The invention provides a preparation method of traceable non-fluorescence-marked escherichia coli. The method comprises the steps that an FRT cassette product which contains the homologous sequence with a manX gene of escherichia coli to be transformed is obtained through PCR amplification by taking pKD4 as a template; pKD78 plasmids are transferred into the escherichia coli to be transformed to obtain escherichia coli containing the pKD78 plasmids; the FRT cassette product is transferred into the escherichia coli containing the pKD78 plasmids, and site-specific recombination is performed to form recombined escherichia coli; a kanamycin resistance gene in a chromosome FRT cassette of the recombined escherichia coli is knocked out through suicide plasmids pCP20. According to the method, only an FRT trace with nucleotides not more than 50 is finally left at the specified position in a genome of the transformed escherichia coli, the influence of insertion sequences on a host bacterium is greatly reduced, resistance characteristic propagation caused due to the fact that the transformed escherichia coli is implanted the host cannot changed, and the FRT trace can facilitate follow-up tracing of the transformed strain.

Description

technical field [0001] The invention belongs to the technical field of bioengineering, and in particular relates to a traceable non-fluorescent labeled Escherichia coli and a preparation method thereof.
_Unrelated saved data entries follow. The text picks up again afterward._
(* Write phi~(w) = 1 + r e^{i a} + rho e^{i b}: for w close to the real axis the moduli r, rho
   are close to 1, and 1 + e^{ia} + e^{ib} is small only when e^{ia}, e^{ib} are close to the
   primitive cube roots of unity, i.e. cos a ~ -1/2.  Tripling such an angle lands near 0, and
   the error 1 - cos(3a) is quadratic in the defect.  Since phi~_{s'}(z) is phi~ evaluated at
   3^{s-s'} times the argument of phi~_s(z), a value |phi~_s(z)| < 3^{-L} therefore forces
   |phi~_{s'}(z')| >= 1 for all s - L <= s' < s and all z' within 2/1000 of z (Re part): the
   tripled angles have cosine >= 1/20, so the real part of phi~_{s'}(z') is at least 1.

   Part (i) of the theorem is the
   combinatorial lemma applied to |phi~_k(z)|; part (ii) is the key lemma with L = m, since two
   critical indices k1 < k2 would force |phi~_{k1}| >= 1 > 3^{-m}. *)


lemma cos_ge_cos_minus_dist: "cos (x::real) \<ge> cos y - \<bar>x - y\<bar>"
proof -
  have "\<bar>cos y - cos x\<bar> = \<bar>2 * sin ((y + x) / 2) * sin ((x - y) / 2)\<bar>"
    by (simp add: cos_diff_cos)
  also have "\<dots> \<le> 2 * \<bar>sin ((x - y) / 2)\<bar>"
    unfolding abs_mult by (intro mult_right_mono) auto
  also have "\<dots> \<le> 2 * \<bar>(x - y) / 2\<bar>"
    using abs_sin_x_le_abs_x[of "(x - y) / 2"] by linarith
  finally show ?thesis by simp
qed

lemma abs_exp_minus_one_le:
  assumes "\<bar>y::real\<bar> \<le> 1/2"
  shows "\<bar>exp y - 1\<bar> \<le> 2 * \<bar>y\<bar>"
proof (cases "y \<ge> 0")
  case True
  thus ?thesis using real_exp_bound_lemma[of y] assms by auto
next
  case False
  have "1 + y \<le> exp y" by (rule exp_ge_add_one_self)
  moreover have "exp y \<le> 1" using False by simp
  ultimately show ?thesis using False by arith
qed

lemma abs_exp_scaled_minus_one_le:
  assumes "\<bar>y::real\<bar> \<le> 1/2" "\<bar>t\<bar> \<le> 1"
  shows "\<bar>exp (t * y) - 1\<bar> \<le> 2 * \<bar>y\<bar>"
proof -
  have "\<bar>t * y\<bar> \<le> \<bar>y\<bar>"
    using assms(2) unfolding abs_mult by (simp add: mult_left_le_one_le)
  thus ?thesis using abs_exp_minus_one_le[of "t * y"] assms(1) by linarith
qed

text \<open>The triple-angle formula, written around the value \<open>cos a = -1/2\<close>.\<close>
lemma one_minus_cos_triple:
  "1 - cos (3 * (a::real)) = 6 * (cos a + 1/2)^2 - 4 * (cos a + 1/2)^3"
  unfolding cos_treble_cos by (simp add: power2_eq_square power3_eq_cube algebra_simps)

lemma one_minus_cos_triple_le: "1 - cos (3 * (x::real)) \<le> 9 * (1 - cos x)"
proof -
  have "0 \<le> cos x + 2" using cos_ge_minus_one[of x] by linarith
  hence "0 \<le> (cos x - 1)^2 * (cos x + 2)" by simp
  thus ?thesis
    unfolding cos_treble_cos by (simp add: power2_eq_square power3_eq_cube algebra_simps)
qed

lemma one_minus_cos_pow3_le: "1 - cos (3^j * (x::real)) \<le> 9^j * (1 - cos x)"
proof (induction j)
  case 0
  show ?case by simp
next
  case (Suc j)
  have "1 - cos (3^Suc j * x) = 1 - cos (3 * (3^j * x))" by (simp add: mult.assoc)
  also have "\<dots> \<le> 9 * (1 - cos (3^j * x))" by (rule one_minus_cos_triple_le)
  also have "\<dots> \<le> 9 * (9^j * (1 - cos x))" using Suc.IH by simp
  finally show ?case by simp
qed
lemma inner_le_fitzpatrick_bound:
  assumes "max_monotone_op A" "\<And>y w. w \<in> A y \<Longrightarrow> fitzpatrick_term y w (x, u) \<le> c"
  shows "x \<bullet> u \<le> c"
proof (rule ccontr)
  assume gt: "\<not> x \<bullet> u \<le> c"
  have "u \<in> A x"
  proof (rule max_monotone_op_memI[OF assms(1)])
    fix y w assume "w \<in> A y"
    moreover have "(x - y) \<bullet> (u - w) = x \<bullet> u - fitzpatrick_term y w (x, u)"
      by (simp add: fitzpatrick_term_def inner_diff_left inner_diff_right inner_commute)
    ultimately show "0 \<le> (x - y) \<bullet> (u - w)" using assms(2) gt by fastforce
  qed
  then have "fitzpatrick_term x u (x, u) \<le> c" by (rule assms(2))
  with gt show False by (simp add: fitzpatrick_term_def inner_commute)
qed

lemma fitzpatrick_le_nonneg:
  assumes max: "max_monotone_op A" and le: "fitzpatrick_le A p c"
  shows "0 \<le> c"
proof -
  obtain x u where p: "p = (x, u)" by fastforce
  have "x \<bullet> u \<le> c - (norm p)\<^sup>2 / 2"
    using le unfolding fitzpatrick_le_def p
    by (intro inner_le_fitzpatrick_bound[OF max]) (auto simp: algebra_simps)
  moreover have "(norm p)\<^sup>2 = (norm x)\<^sup>2 + (norm u)\<^sup>2" by (simp add: norm_Pair p)
  moreover have "(norm (x + u))\<^sup>2 = (norm x)\<^sup>2 + 2 * (x \<bullet> u) + (norm u)\<^sup>2"
    unfolding power2_norm_eq_inner by (simp add: inner_add_left inner_add_right inner_commute)
  ultimately show "0 \<le> c" using zero_le_power2[of "norm (x + u)"] by argo
qed

lemma fitzpatrick_le_midpoint:
  assumes le: "fitzpatrick_le A p c" "fitzpatrick_le A q c'"
  shows "fitzpatrick_le A ((1/2) *\<^sub>R (p + q)) ((c + c') / 2 - 1/8 * (norm (p - q))\<^sup>2)"
  unfolding fitzpatrick_le_def
proof (intro allI impI)
  fix y w assume "w \<in> A y"
  then have "fitzpatrick_term y w p + (norm p)\<^sup>2 / 2 \<le> c" "fitzpatrick_term y w q + (norm q)\<^sup>2 / 2 \<le> c'"
    using le unfolding fitzpatrick_le_def by auto
  moreover have "(1/2) *\<^sub>R (p + q) = (1/2) *\<^sub>R p + (1/2) *\<^sub>R q"
    by (rule scaleR_right_distrib)
  then have "fitzpatrick_term y w ((1/2) *\<^sub>R (p + q))
      = 1/2 * fitzpatrick_term y w p + 1/2 * fitzpatrick_term y w q"
    by (simp add: fitzpatrick_term_affine)
  ultimately show "fitzpatrick_term y w ((1/2) *\<^sub>R (p + q)) + (norm ((1/2) *\<^sub>R (p + q)))\<^sup>2 / 2
      \<le> (c + c') / 2 - 1/8 * (norm (p - q))\<^sup>2"
    using norm_midpoint_sq[of p q] by argo
qed

lemma fitzpatrick_le_limit:
  assumes le: "\<And>n. fitzpatrick_le A (p n) (c n)" and lim: "p \<longlonglongrightarrow> p0" "c \<longlonglongrightarrow> c0"
  shows "fitzpatrick_le A p0 c0"
  unfolding fitzpatrick_le_def
proof (intro allI impI)
  fix y w assume "w \<in> A y"
  moreover have "(\<lambda>n. fitzpatrick_term y w (p n) + (norm (p n))\<^sup>2 / 2)
      \<longlonglongrightarrow> fitzpatrick_term y w p0 + (norm p0)\<^sup>2 / 2"
    unfolding fitzpatrick_term_def by (intro tendsto_intros lim) simp
  ultimately show "fitzpatrick_term y w p0 + (norm p0)\<^sup>2 / 2 \<le> c0"
    using le lim(2) unfolding fitzpatrick_le_def by (auto intro: LIMSEQ_le)
qed

lemma fitzpatrick_le_attains_min:
  fixes A :: "'a::{real_inner,complete_space} \<Rightarrow> 'a set"
  assumes max: "max_monotone_op A"
  shows "\<exists>p m. fitzpatrick_le A p m \<and> (\<forall>q c. fitzpatrick_le A q c \<longrightarrow> m \<le> c)"
proof (rule strongly_convex_epigraph_attains_min[where k = "1/8" and lo = 0])
  obtain y w where "w \<in> A y" using max_monotone_op_graph_nonempty[OF max] .
  then have "fitzpatrick_le A (y, w) (y \<bullet> w + (norm (y, w))\<^sup>2 / 2)"
    unfolding fitzpatrick_le_def
    using fitzpatrick_term_le_inner[OF max_monotone_op_monotone_op[OF max]] by fastforce
  then show "\<exists>p c. fitzpatrick_le A p c" by blast
next
  fix p c c' assume "fitzpatrick_le A p c" "c \<le> c'"
  then show "fitzpatrick_le A p c'" unfolding fitzpatrick_le_def by force
next
  show "\<And>p c. fitzpatrick_le A p c \<Longrightarrow> 0 \<le> c" by (rule fitzpatrick_le_nonneg[OF max])
  show "\<And>p q c c'. fitzpatrick_le A p c \<Longrightarrow> fitzpatrick_le A q c' \<Longrightarrow>
      fitzpatrick_le A ((1/2) *\<^sub>R (p + q)) ((c + c') / 2 - 1/8 * (norm (p - q))\<^sup>2)"
    by (rule fitzpatrick_le_midpoint)
  show "\<And>p c p0 c0. (\<And>n. fitzpatrick_le A (p n) (c n)) \<Longrightarrow> p \<longlonglongrightarrow> p0 \<Longrightarrow> c \<longlonglongrightarrow> c0 \<Longrightarrow>
      fitzpatrick_le A p0 c0"
    by (rule fitzpatrick_le_limit)
qed simp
Background technique [0002] Escherichia coli (Escherichia coli, E.coli) as a model organism, an important aspect of it is that it can be transformed as a host bacterium to produce various useful products, such as fuels, proteins and polymers. In the early E. coli transformation, for example, there were non-essential gene knockout technology, high-efficiency expression technology of endogenous or exogenous genes, etc. Among them, the high-efficiency expression technology of endogenous or exogenous genes mostly relies on the tool of plasmid, through which the target gene is recombined and introduced into expression, which has the advantages of convenient operation and controllable expression. However, on the one hand, due to the copy number and various other DNAs carried by ...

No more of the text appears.